Morphological analysis

Perform morphological analysis. It can be easily implemented by using Tokenizer () of gensim. We don't need the symbol, so use part_of_speech to exclude it.

t = Tokenizer()
wakati_list = []
for doc in doc_list:
    tokens = t.tokenize(doc)
    wakati = []
    for token in tokens:
        if token.part_of_speech.split(',')[0] not in ['symbol']:
            wakati.append(token.base_form)
    wakati_list.append(wakati)

Let's check if the word-separation and symbol removal were successful.

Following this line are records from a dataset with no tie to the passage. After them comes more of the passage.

lemma kappa_c_pos: "kappa_c \<rho> \<beta> \<alpha>0 c1 c2 L > 0"
  unfolding kappa_c_eq using \<rho>_pos c1_pos \<beta>_pos \<alpha>0_pos step_floor_pos by simp

lemma sufficient_decrease:
  "f (x (Suc k)) \<le> f (x k) - kappa_c \<rho> \<beta> \<alpha>0 c1 c2 L * (norm (grad (x k)))\<^sup>2 + \<nu> k (l k)"
proof -
  have "f (x (Suc k)) \<le> f (x k) + \<rho> * step k * inner (grad (x k)) (d k) + \<nu> k (l k)"
    using accepted[of k] unfolding nm_test_def x_Suc step_def by (simp add: mult.assoc)
  also have "\<rho> * step k * inner (grad (x k)) (d k) \<le> \<rho> * step k * (- c1 * (norm (grad (x k)))\<^sup>2)"
    using descent_dir[of k] \<rho>_pos \<alpha>_pos[of k] \<beta>_pos
    by (intro mult_left_mono) (auto simp: step_def)
  also have "\<dots> \<le> - kappa_c \<rho> \<beta> \<alpha>0 c1 c2 L * (norm (grad (x k)))\<^sup>2"
  proof -
    have "kappa_c \<rho> \<beta> \<alpha>0 c1 c2 L \<le> \<rho> * c1 * step k"
      unfolding kappa_c_eq using step_lower_bound[of k] \<rho>_pos c1_pos by simp
    then have "kappa_c \<rho> \<beta> \<alpha>0 c1 c2 L * (norm (grad (x k)))\<^sup>2
        \<le> \<rho> * c1 * step k * (norm (grad (x k)))\<^sup>2"
      by (rule mult_right_mono) simp
    then show ?thesis
      by (simp add: algebra_simps)
  qed
  finally show ?thesis
    by simp
qed

lemma telescoped_decrease:
  "f (x n) \<le> f x0 - kappa_c \<rho> \<beta> \<alpha>0 c1 c2 L * (\<Sum>k<n. (norm (grad (x k)))\<^sup>2) + (\<Sum>k<n. \<nu> k (l k))"
proof (induction n)
  case 0
  then show ?case using x_0 by simp
next
  case (Suc n)
  then show ?case
    using sufficient_decrease[of n] by (simp add: algebra_simps)
qed

end

theorem theorem2:
  fixes f :: "'a::{real_inner, complete_space} \<Rightarrow> real"
    and grad :: "'a \<Rightarrow> 'a"
    and x0 :: 'a and \<alpha>0 \<beta> \<rho> L f_low c1 c2 \<epsilon> :: real
    and x :: "nat \<Rightarrow> 'a" and \<alpha> :: "nat \<Rightarrow> real" and d :: "nat \<Rightarrow> 'a"
    and \<nu> :: "nat \<Rightarrow> nat \<Rightarrow> real" and l :: "nat \<Rightarrow> nat"
    and T0 T :: nat
  assumes deriv: "\<And>y. (f has_derivative (\<lambda>h. inner (grad y) h)) (at y)"
    and alg: "algorithm1 f grad x0 \<alpha>0 \<beta> \<rho> x \<alpha> d \<nu> l"
    and A1: "L > 0" "\<And>y z. norm (grad y - grad z) \<le> L * norm (y - z)"
    and A2: "\<And>y. f y \<ge> f_low"
    and A3: "c1 > 0" "c2 > 0"
      "\<And>k. inner (grad (x k)) (d k) \<le> - c1 * (norm (grad (x k)))\<^sup>2"
      "\<And>k. norm (d k) \<le> c2 * norm (grad (x k))"
    and A4: "(\<lambda>T. (\<Sum>k<T. \<nu> k (l k)) / real T) \<longlonglongrightarrow> 0"
    and eps: "\<epsilon> > 0"
    and T0: "\<And>T'. T' \<ge> T0 \<Longrightarrow> (\<Sum>k<T'. \<nu> k (l k)) / real T'
                 \<le> kappa_c \<rho> \<beta> \<alpha>0 c1 c2 L * \<epsilon>\<^sup>2 / 2"
    and Tpos: "T > 0"
    and Tbig: "real T \<ge> max (real T0)
                 (2 * (f x0 - f_low) / (kappa_c \<rho> \<beta> \<alpha>0 c1 c2 L * \<epsilon>\<^sup>2))"
  shows "Min ((\<lambda>k. norm (grad (x k))) ` {..<T}) \<le> \<epsilon>"
proof -
  interpret algorithm1_run f grad x0 \<alpha>0 \<beta> \<rho> L c1 c2 x \<alpha> d \<nu> l
    using deriv alg A1 A3 by unfold_locales
  define \<kappa> where "\<kappa> = kappa_c \<rho> \<beta> \<alpha>0 c1 c2 L"
  have \<kappa>: "\<kappa> > 0"
    unfolding \<kappa>_def by (rule kappa_c_pos)
  have slack: "(\<Sum>k<T. \<nu> k (l k)) \<le> real T * (\<kappa> * \<epsilon>\<^sup>2) / 2"
    using T0[of T] Tbig Tpos unfolding \<kappa>_def by (simp add: field_simps)
  have gap: "f x0 - f_low \<le> real T * (\<kappa> * \<epsilon>\<^sup>2) / 2"
    using Tbig \<kappa> eps unfolding \<kappa>_def[symmetric] by (simp add: field_simps)
  have "\<kappa> * (\<Sum>k<T. (norm (grad (x k)))\<^sup>2) \<le> (f x0 - f_low) + (\<Sum>k<T. \<nu> k (l k))"
    using A2[of "x T"] telescoped_decrease[of T] unfolding \<kappa>_def by linarith
  also have "\<dots> \<le> real T * (\<kappa> * \<epsilon>\<^sup>2)"
    using slack gap by linarith
  finally have "(\<Sum>k<T. (norm (grad (x k)))\<^sup>2) \<le> real T * \<epsilon>\<^sup>2"
    using \<kappa> by (simp add: mult.left_commute)
  then show ?thesis
    using Min_le_of_sum_squares_le[OF Tpos] eps by simp
qed

end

for wakati in wakati_list:
    print(wakati[:10])

['Annual',' Da',' Ekiden',' is','Truck',' and',' is',' Another',' Da','From'] ['2020','year',' is','exactly','digital','education','',' history','for',' special note'] ['Nursery',' Child',' Ga',' Vaulting Box', '10',' Step','',' Jump',' Inverted','Walking'] ['Listed','Before','From','Fuss',' Da',' Ta', '10',' Month', '15',' Day'] ['Manga',' House','',' Yamamoto',' Sa',' Hosu',' N',' Ga',' Trouble',' Da'] ['Miura','Spring','Huma','san','ga','death','te','from', '3','months'] ['10','Month', '1','Day','From','Tokyo','Departure / Arrival','',' Travel','Mo'] ['Liberal Party',' Secretary',' Chief','',' Total',' In-service',' Record',' to',' Update','Middle'] ['Back',' to',' turn',' te',' neck',' to',' left arm',' with','squeeze',' ['Comforter','ga','gradually','comfortable','naru','te','come','ta','today','this']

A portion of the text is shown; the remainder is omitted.